2

NOTE: I did ask the same question here but since some people have marked it as duplicate though it had some crafty, neat solutions, I had to create this extra(dupe) question to make it easier for others who are facing similar doubts. Added the question based on the suggestion of fellow stack overflow members.

What is the efficient way to parse through a large delimited string so that I can access just one element from the delimited set without having to store the other substrings involved?

I specifically am not interested in storing the rest of the element values as done when using Split() method since all of this information is irrelevant to the problem at hand. Also, I want to save memory in doing the same.

Problem Statement:
Given the exact delimited position, I need to extract the element contained in that given position in the most efficient way in terms of memory consumed and time taken.

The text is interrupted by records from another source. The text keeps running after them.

lemma range_lagrange_proj:
  assumes mu: "mu \<in> set ds"
  shows "(\<lambda>v. lagrange_proj A ds mu *\<^sub>v v) ` carrier_vec n = eigenspace A mu"
proof
  show "(\<lambda>v. lagrange_proj A ds mu *\<^sub>v v) ` carrier_vec n \<subseteq> eigenspace A mu"
    using A lagrange_proj_eigenvector[OF mu] by (auto simp: eigenspace_def)
  show "eigenspace A mu \<subseteq> (\<lambda>v. lagrange_proj A ds mu *\<^sub>v v) ` carrier_vec n"
  proof
    fix v assume "v \<in> eigenspace A mu"
    with A have "v \<in> carrier_vec n" and "lagrange_proj A ds mu *\<^sub>v v = v"
      using lagrange_proj_fixes_eigenvector[OF mu] by (auto simp: eigenspace_def)
    thus "v \<in> (\<lambda>v. lagrange_proj A ds mu *\<^sub>v v) ` carrier_vec n"
      by (metis image_eqI)
  qed
qed

lemma eig_proj_eq_lagrange_proj:
  assumes mu: "mu \<in> set ds"
  shows "eig_proj A mu = lagrange_proj A ds mu"
proof -
  have n: "dim_row A = n"
    using A by simp
  show ?thesis
    unfolding eig_proj_def n
  proof (rule the_equality)
    show "lagrange_proj A ds mu \<in> carrier_mat n n \<and>
        lagrange_proj A ds mu * lagrange_proj A ds mu = lagrange_proj A ds mu \<and>
        transpose_mat (lagrange_proj A ds mu) = lagrange_proj A ds mu \<and>
        (\<lambda>v. lagrange_proj A ds mu *\<^sub>v v) ` carrier_vec n = eigenspace A mu"
      using lagrange_proj_idempotent[OF mu] transpose_lagrange_proj range_lagrange_proj[OF mu] by simp
    fix P
    assume "P \<in> carrier_mat n n \<and> P * P = P \<and> transpose_mat P = P \<and>
        (\<lambda>v. P *\<^sub>v v) ` carrier_vec n = eigenspace A mu"
    hence P: "P \<in> carrier_mat n n" "P * P = P" "transpose_mat P = P"
      and range: "(\<lambda>v. P *\<^sub>v v) ` carrier_vec n = (\<lambda>v. lagrange_proj A ds mu *\<^sub>v v) ` carrier_vec n"
      using range_lagrange_proj[OF mu] by simp_all
    show "P = lagrange_proj A ds mu"
      by (rule symmetric_idempotent_mat_eq[OF P(1) lagrange_proj_carrier P(2)
            lagrange_proj_idempotent[OF mu] P(3) transpose_lagrange_proj range])
  qed
qed

lemma lagrange_proj_mult_sum:
  assumes nu: "nu \<in> set ds"
  shows "lagrange_proj A ds nu * mat_sum n (set ds) (lagrange_proj A ds) = lagrange_proj A ds nu"
proof -
  have "lagrange_proj A ds nu * mat_sum n (set ds) (lagrange_proj A ds)
      = mat_sum n (set ds) (\<lambda>mu. lagrange_proj A ds nu * lagrange_proj A ds mu)"
    by (simp add: mult_mat_sum)
  also have "\<dots> = mat_sum n (set ds) (\<lambda>mu. if mu = nu then lagrange_proj A ds nu else 0\<^sub>m n n)"
    using lagrange_proj_idempotent[OF nu] lagrange_proj_orthogonal by (intro mat_sum_cong) auto
  also have "\<dots> = lagrange_proj A ds nu"
    using nu by (simp add: mat_sum_delta)
  finally show ?thesis .
qed

lemma sum_lagrange_proj: "mat_sum n (set ds) (lagrange_proj A ds) = 1\<^sub>m n"
proof (rule mat_eq_by_mult_vec[of _ n n])
  fix v :: "real vec" assume v: "v \<in> carrier_vec n"
  let ?S = "mat_sum n (set ds) (lagrange_proj A ds)"
  let ?w = "v - ?S *\<^sub>v v"
  have Sv: "?S *\<^sub>v v \<in> carrier_vec n" and w: "?w \<in> carrier_vec n"
    using v by (simp_all add: mult_mat_vec_carrier[of _ n n])
  have "char_matrix_prod A (remove1 nu ds) *\<^sub>v ?w = 0\<^sub>v n" if nu: "nu \<in> set ds" for nu
  proof -
    have "lagrange_proj A ds nu *\<^sub>v ?w = lagrange_proj A ds nu *\<^sub>v v - (lagrange_proj A ds nu * ?S) *\<^sub>v v"
      using v Sv by (simp add: mult_minus_distrib_mat_vec[of _ n n] assoc_mult_mat_vec[of _ n n _ n])
    hence "lagrange_proj A ds nu *\<^sub>v ?w = 0\<^sub>v n"
      using v by (simp add: lagrange_proj_mult_sum[OF nu])
    moreover have "(\<Prod>x\<leftarrow>remove1 nu ds. nu - x) \<noteq> 0"
      using distinct by (auto simp: prod_list_zero_iff)
    ultimately show ?thesis
      using w by (auto simp: lagrange_proj_mult_vec vec_eq_iff)
  qed
  moreover have "char_matrix_prod A ds *\<^sub>v ?w = 0\<^sub>v n"
    using w by (simp add: annihilates)
  ultimately have "?w = 0\<^sub>v n"
    using eq_0_if_char_matrix_prod_remove1_eq_0[OF A distinct w] by blast
  with v Sv show "?S *\<^sub>v v = 1\<^sub>m n *\<^sub>v v"
    by (auto simp: vec_eq_iff)
qed auto

lemma char_matrix_mult_lagrange_proj:
  assumes mu: "mu \<in> set ds"
  shows "char_matrix A e * lagrange_proj A ds mu = (mu - e) \<cdot>\<^sub>m lagrange_proj A ds mu"
  using A lagrange_proj_eigenvector[OF mu]
  by (intro mat_eq_by_mult_vec[of _ n n])
    (auto simp: assoc_mult_mat_vec[of _ n n _ n] smult_mat_mult_vec[of _ n n] char_matrix_mult_vec
      vec_eq_iff algebra_simps)

lemma char_matrix_mult_resolvent:
  assumes e: "e \<notin> set ds"
  shows "char_matrix A e * mat_sum n (set ds) (\<lambda>mu. (1 / (mu - e)) \<cdot>\<^sub>m lagrange_proj A ds mu) = 1\<^sub>m n"
proof -
  have "char_matrix A e * mat_sum n (set ds) (\<lambda>mu. (1 / (mu - e)) \<cdot>\<^sub>m lagrange_proj A ds mu)
      = mat_sum n (set ds) (\<lambda>mu. char_matrix A e * ((1 / (mu - e)) \<cdot>\<^sub>m lagrange_proj A ds mu))"
    using A by (intro mult_mat_sum) auto
  also have "\<dots> = mat_sum n (set ds) (lagrange_proj A ds)"
  proof (rule mat_sum_cong)
    fix mu assume mu: "mu \<in> set ds"
    hence "mu - e \<noteq> 0"
      using e by auto
    thus "char_matrix A e * ((1 / (mu - e)) \<cdot>\<^sub>m lagrange_proj A ds mu) = lagrange_proj A ds mu"
      by (simp add: mult_smult_distrib[OF char_matrix_closed[OF A] lagrange_proj_carrier]
          char_matrix_mult_lagrange_proj[OF mu]) (auto intro: eq_matI)
  qed
  also have "\<dots> = 1\<^sub>m n"
    by (rule sum_lagrange_proj)
  finally show ?thesis .
qed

Simple example string: "1,2,3,4,....,21,22,23,24"
Delimter: ,
Delimited Position: 22
Answer expected: 23

Another example string: "61d2e3f6-bcb7-4cd1-a81e-4f8f497f0da2;0;192.100.0.102:4362;2014-02-14;283;0;354;23;0;;;""0x8D15A2913C934DE"";Thursday, 19-Jun-14 22:58:10 GMT;"
Delimiter: ;
Delimited Position: 7
Expected Answer: 23

Andrew Morton
  • 24,203
  • 9
  • 60
  • 84
re3el
  • 735
  • 2
  • 12
  • 28
  • Did you consider that using `split()` is time/memory consuming? if so, you should [edit] your question and adding time/memory comparasions using the various way you had tried. for example, if you used regex, add the regex expression and the time/memory used, add the `split()` you used, the time/memory used too. This task is very demaning in your application? – Mauricio Arias Olave Jan 18 '19 at 21:33
  • Before you spend a lot of time optimizing, make sure you're solving a problem that is actually a problem. You have at a minimum two billion bytes of address space available; what fraction of that are you "wasting" with your Split? If the answer is 0.00001%, then you might ask yourself whether it is worth spending even one minute trying to solve this problem. *Collection pressure* is much more likely to be the real problem than *virtual memory usage*. – Eric Lippert Jan 18 '19 at 22:51

5 Answers5

2

There are some useful remarks relevant to this problem in the documentation for String.Split, although I wrote the following before discovering that.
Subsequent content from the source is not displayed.